DR. DIX: Were you informed about the extent, the type and speed of rearmament?
SCHACHT: No, I was never told about that.
DR. DIX: Had you set yourself a limit regarding this financing or were you prepared to advance any amount of money?
SCHACHT: I was certainly, by no means, ready to advance any unlimited amount of money, particularly as these were not contributions; they were credits which had to be repaid. The limits for these credits were twofold. One was that the Reichsbank was independent of the State finance administration, and the supreme authority of the State as far as the granting of the credits was concerned. The Board of Directors of the Reichsbank could pass a resolution that credits were to be given, or were not to be given, or that credits were to be stopped, if they considered it right, and as I was perfectly certain of the policy of the Board of Directors of the Reichsbank—all of these gentlemen agreed with me perfectly on financial and banking policy—this was the first possibility of applying a brake, if I considered it necessary.

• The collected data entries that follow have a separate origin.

(* Let $A$ be an infinite set, $\mathcal{L}\in V(\Omega(A))$, $I,J$ sets, $f:A^{I}\to A^{J}$ a uniformly continuous map, $\alpha:I\to\mathcal{L}$, $\beta:J\to\mathcal{L}$, and suppose $\beta=\overline{f}^{\mathcal{L}}(\alpha)$. Then (1) $\phi_{\beta}=\phi_{\alpha}\circ f^{\star}$; and (2) for every $R\in\{\emptyset\}\cup\bigcup\mathcal{P}(A,J)$, we have $R\in Z_{\beta}$ if and only if $f^{-1}(R)\in Z_{\alpha}$.
   Context: For each $a\in A$ let $\hat{a}$ be a constant symbol, and for each $n\geq1$ and each $h:A^{n}\to A$ let $\hat{h}$ be an $n$-ary operation symbol. $\Omega(A)$ is the algebra with universe $A$ interpreting $\hat{a}$ as $a$ and $\hat{h}$ as $h$; $V(\Omega(A))$ is the variety it generates. For $h:X\to Y$, $\Pi(h)$ is the partition of $X$ into nonempty fibers; for a partition $P$ of $Y$, $[h]_{-1}(P)=\{h^{-1}(R):R\in P\}\setminus\{\emptyset\}$. For $i_{1},\dots,i_{n}\in I$, $\mathcal{P}_{i_{1},\dots,i_{n}}$ is the partition of $A^{I}$ with $u,v$ in the same block iff $u(i_{k})=v(i_{k})$ for all $k$; $\mathcal{P}(A,I)$ is the filter of partitions of $A^{I}$ coarser than some $\mathcal{P}_{i_{1},\dots,i_{n}}$; $\bigcup\mathcal{P}(A,I)$ is the set of all blocks of partitions in it, and $\{\emptyset\}\cup\bigcup\mathcal{P}(A,I)$ is a Boolean algebra of subsets of $A^{I}$. $\mathbf{F}(A,I)=\{h\in A^{A^{I}}:\Pi(h)\in\mathcal{P}(A,I)\}$, a subalgebra of $\Omega(A)^{A^{I}}$, freely generated in $V(\Omega(A))$ by the projections $\pi_{i}(u)=u(i)$; each $h\in\mathbf{F}(A,I)$ has the form $\hat{r}^{\mathbf{F}(A,I)}(\pi_{i_{1}},\dots,\pi_{i_{n}})$. A map $h:A^{I}\to A^{J}$ is uniformly continuous if $[h]_{-1}(P)\in\mathcal{P}(A,I)$ for all $P\in\mathcal{P}(A,J)$; then each $\pi_{j}\circ h\in\mathbf{F}(A,I)$. For $h=\hat{r}^{\mathbf{F}(A,I)}(\pi_{i_{1}},\dots,\pi_{i_{n}})$, $\overline{h}^{\mathcal{L}}((\ell_{i})_{i\in I})=\hat{r}^{\mathcal{L}}(\ell_{i_{1}},\dots,\ell_{i_{n}})$ (well defined), and for uniformly continuous $f:A^{I}\to A^{J}$, $\overline{f}^{\mathcal{L}}(\alpha)=(\overline{\pi_{j}\circ f}^{\mathcal{L}}(\alpha))_{j\in J}\in\mathcal{L}^{J}$ for $\alpha\in\mathcal{L}^{I}$. For $\alpha:I\to\mathcal{L}$, $\phi_{\alpha}:\mathbf{F}(A,I)\to\mathcal{L}$ is the unique homomorphism with $\phi_{\alpha}(\pi_{i})=\alpha(i)$, and $Z_{\alpha}$ is the filter on $\{\emptyset\}\cup\bigcup\mathcal{P}(A,I)$ such that for $\ell,m\in\mathbf{F}(A,I)$, $\phi_{\alpha}(\ell)=\phi_{\alpha}(m)$ iff $\{u\in A^{I}:\ell(u)=m(u)\}\in Z_{\alpha}$ (so $\mathbf{F}(A,I)/Z_{\alpha}$ is the quotient by $\ker\phi_{\alpha}$); $\phi_{\beta},Z_{\beta}$ are defined analogously for $J$. For uniformly continuous $f:A^{I}\to A^{J}$, $f^{\star}:\mathbf{F}(A,J)\to\mathbf{F}(A,I)$ is $f^{\star}(g)=g\circ f$. *)

theory Defs
  imports "HOL-Library.Disjoint_Sets"
begin

text \<open>An n-ary operation on A is represented as a
function on lists, only ever applied to lists of length n.\<close>

datatype 'a sym = Cst 'a | Op nat "'a list \<Rightarrow> 'a"

fun arity :: "'a sym \<Rightarrow> nat" where
  "arity (Cst a) = 0"
| "arity (Op n h) = n"

fun valid_sym :: "'a sym \<Rightarrow> bool" where
  "valid_sym (Cst a) = True"
| "valid_sym (Op n h) = (n \<ge> 1)"

fun omega :: "'a sym \<Rightarrow> 'a list \<Rightarrow> 'a" where
  "omega (Cst a) xs = a"
| "omega (Op n h) xs = h xs"

datatype 'a trm = Var nat | Ap "'a sym" "'a trm list"

fun wf_trm :: "'a trm \<Rightarrow> bool" where
  "wf_trm (Var n) = True"
| "wf_trm (Ap s ts) = (valid_sym s \<and> length ts = arity s \<and> (\<forall>t\<in>set ts. wf_trm t))"

fun eval_trm :: "('a sym \<Rightarrow> 'l list \<Rightarrow> 'l) \<Rightarrow> (nat \<Rightarrow> 'l) \<Rightarrow> 'a trm \<Rightarrow> 'l" where
  "eval_trm op \<rho> (Var n) = \<rho> n"
| "eval_trm op \<rho> (Ap s ts) = op s (map (eval_trm op \<rho>) ts)"

definition is_algebra :: "'l set \<Rightarrow> ('a sym \<Rightarrow> 'l list \<Rightarrow> 'l) \<Rightarrow> bool" where
  "is_algebra Lc opL \<longleftrightarrow>
     (\<forall>s xs. valid_sym s \<and> length xs = arity s \<and> set xs \<subseteq> Lc \<longrightarrow> opL s xs \<in> Lc)"

text \<open>Membership in the variety generated by \<Omega>(A): by Birkhoff's theorem, the
algebras satisfying every identity valid in \<Omega>(A).\<close>
definition in_V_Omega :: "'l set \<Rightarrow> ('a sym \<Rightarrow> 'l list \<Rightarrow> 'l) \<Rightarrow> bool" where
  "in_V_Omega Lc opL \<longleftrightarrow> is_algebra Lc opL \<and>
     (\<forall>s t. wf_trm s \<and> wf_trm t \<and> (\<forall>\<rho>::nat \<Rightarrow> 'a. eval_trm omega \<rho> s = eval_trm omega \<rho> t)
        \<longrightarrow> (\<forall>\<rho>. range \<rho> \<subseteq> Lc \<longrightarrow> eval_trm opL \<rho> s = eval_trm opL \<rho> t))"

definition Pfin :: "'i set \<Rightarrow> ('i \<Rightarrow> 'a) set set" where
  "Pfin S = {{v. \<forall>i\<in>S. v i = u i} | u. True}"

definition coarser :: "'b set set \<Rightarrow> 'b set set \<Rightarrow> bool" where
  "coarser P Q \<longleftrightarrow> (\<forall>B\<in>Q. \<exists>C\<in>P. B \<subseteq> C)"

definition Pset :: "('i \<Rightarrow> 'a) set set set" where
  "Pset = {P. partition_on UNIV P \<and> (\<exists>S. finite S \<and> coarser P (Pfin S))}"

definition fibers :: "('b \<Rightarrow> 'c) \<Rightarrow> 'b set set" where
  "fibers h = {h -` {y} | y. y \<in> range h}"

definition preimg_part :: "('b \<Rightarrow> 'c) \<Rightarrow> 'c set set \<Rightarrow> 'b set set" where
  "preimg_part h P = (\<lambda>R. h -` R) ` P - {{}}"

definition Bool_alg :: "('i \<Rightarrow> 'a) set set" where
  "Bool_alg = insert {} (\<Union> Pset)"

definition unif_cont :: "(('i \<Rightarrow> 'a) \<Rightarrow> ('j \<Rightarrow> 'a)) \<Rightarrow> bool" where
  "unif_cont f \<longleftrightarrow> (\<forall>P\<in>(Pset :: ('j \<Rightarrow> 'a) set set set). preimg_part f P \<in> Pset)"

definition Fset :: "(('i \<Rightarrow> 'a) \<Rightarrow> 'a) set" where
  "Fset = {h. fibers h \<in> Pset}"

definition proj :: "'i \<Rightarrow> ('i \<Rightarrow> 'a) \<Rightarrow> 'a" where
  "proj i = (\<lambda>u. u i)"

text \<open>Operations of F(A,I) as a subalgebra of \<Omega>(A)^(A^I).\<close>
definition Fop :: "'a sym \<Rightarrow> (('i \<Rightarrow> 'a) \<Rightarrow> 'a) list \<Rightarrow> ('i \<Rightarrow> 'a) \<Rightarrow> 'a" where
  "Fop s gs = (\<lambda>u. omega s (map (\<lambda>g. g u) gs))"

definition is_hom_F :: "'l set \<Rightarrow> ('a sym \<Rightarrow> 'l list \<Rightarrow> 'l)
    \<Rightarrow> ((('i \<Rightarrow> 'a) \<Rightarrow> 'a) \<Rightarrow> 'l) \<Rightarrow> bool" where
  "is_hom_F Lc opL \<phi> \<longleftrightarrow> (\<forall>g\<in>Fset. \<phi> g \<in> Lc) \<and>
     (\<forall>s gs. valid_sym s \<and> length gs = arity s \<and> set gs \<subseteq> Fset
        \<longrightarrow> \<phi> (Fop s gs) = opL s (map \<phi> gs))"

text \<open>\<phi>_\<alpha>: the unique homomorphism F(A,I) \<rightarrow> L with \<phi>_\<alpha>(\<pi>_i) = \<alpha>(i)
(made unique as a HOL function by requiring it to be undefined off F(A,I)).\<close>
definition phi :: "'l set \<Rightarrow> ('a sym \<Rightarrow> 'l list \<Rightarrow> 'l) \<Rightarrow> ('i \<Rightarrow> 'l)
    \<Rightarrow> (('i \<Rightarrow> 'a) \<Rightarrow> 'a) \<Rightarrow> 'l" where
  "phi Lc opL \<alpha> = (THE \<phi>. is_hom_F Lc opL \<phi> \<and> (\<forall>i. \<phi> (proj i) = \<alpha> i)
                        \<and> \<phi> \<in> extensional Fset)"

definition is_filter_on :: "'b set set \<Rightarrow> 'b set set \<Rightarrow> bool" where
  "is_filter_on B Z \<longleftrightarrow> Z \<subseteq> B \<and> UNIV \<in> Z \<and>
     (\<forall>R\<in>Z. \<forall>S\<in>Z. R \<inter> S \<in> Z) \<and> (\<forall>R\<in>Z. \<forall>S\<in>B. R \<subseteq> S \<longrightarrow> S \<in> Z)"

definition Zf :: "'l set \<Rightarrow> ('a sym \<Rightarrow> 'l list \<Rightarrow> 'l) \<Rightarrow> ('i \<Rightarrow> 'l) \<Rightarrow> ('i \<Rightarrow> 'a) set set" where
  "Zf Lc opL \<alpha> = (THE Z. is_filter_on Bool_alg Z \<and>
      (\<forall>l\<in>Fset. \<forall>m\<in>Fset. phi Lc opL \<alpha> l = phi Lc opL \<alpha> m \<longleftrightarrow> {u. l u = m u} \<in> Z))"

definition hbar :: "('a sym \<Rightarrow> 'l list \<Rightarrow> 'l) \<Rightarrow> (('i \<Rightarrow> 'a) \<Rightarrow> 'a) \<Rightarrow> ('i \<Rightarrow> 'l) \<Rightarrow> 'l" where
  "hbar opL h lv = (SOME v. \<exists>s ix. valid_sym s \<and> length ix = arity s \<and>
       h = Fop s (map proj ix) \<and> v = opL s (map lv ix))"

definition fbar :: "('a sym \<Rightarrow> 'l list \<Rightarrow> 'l) \<Rightarrow> (('i \<Rightarrow> 'a) \<Rightarrow> ('j \<Rightarrow> 'a)) \<Rightarrow> ('i \<Rightarrow> 'l) \<Rightarrow> 'j \<Rightarrow> 'l" where
  "fbar opL f \<alpha> = (\<lambda>j. hbar opL (\<lambda>u. f u j) \<alpha>)"

definition fstar :: "(('i \<Rightarrow> 'a) \<Rightarrow> ('j \<Rightarrow> 'a)) \<Rightarrow> (('j \<Rightarrow> 'a) \<Rightarrow> 'a) \<Rightarrow> ('i \<Rightarrow> 'a) \<Rightarrow> 'a" where
  "fstar f g = g \<circ> f"

end

theory Submission imports Defs begin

The second safeguard—limit was contained in the agreement which the Minister of Finance, the Government, and of course Hitler had made—the mefo bills, of which these credits consisted, were to be paid back when they expired. They were repayable after 5 years, and I have already said that if the repayments had been made, funds for rearmament would naturally have had to decrease. Therein lay the second possibility of limiting the rearmament.
DR. DIX: Will you please give now to the Tribunal the figures which you were dealing with at the time?
SCHACHT: We went up to...
MR. JUSTICE JACKSON: We have no desire to enter into controversy about the figures of financing rearmament. It seems that the detail of dollars and cents or Reichsmarks is unimportant to this, and terribly involved. We aren’t trying whether it cost too much or too little; the purpose of this rearmament is the only question we have in mind. I don’t see that the statistics of cost have anything to do with it.
THE PRESIDENT: Dr. Dix, we would like to know what figures the accused and you are talking about.
DR. DIX: The amounts that Schacht as President of the Reichsbank was ready to grant for the rearmament program; that, no doubt, is relevant, because if those amounts remained within such limits as might possibly be considered adequate for defensive rearmaments in case of emergency, then, of course, the extent of that financial assistance is a very important piece of evidence regarding the intentions which Schacht was pursuing at the time. That is the very thing that, in the case of Schacht, Mr. Justice Jackson considers relevant, namely, whether he helped prepare for an aggressive war. If he were considering only the possibility of a defensive war in his financing and placed only sums at the disposal of the rearmament program which would never have allowed an aggressive war, then that would refute the accusation raised by the Prosecution against the defendant, and I think that the relevance of that question cannot be doubted.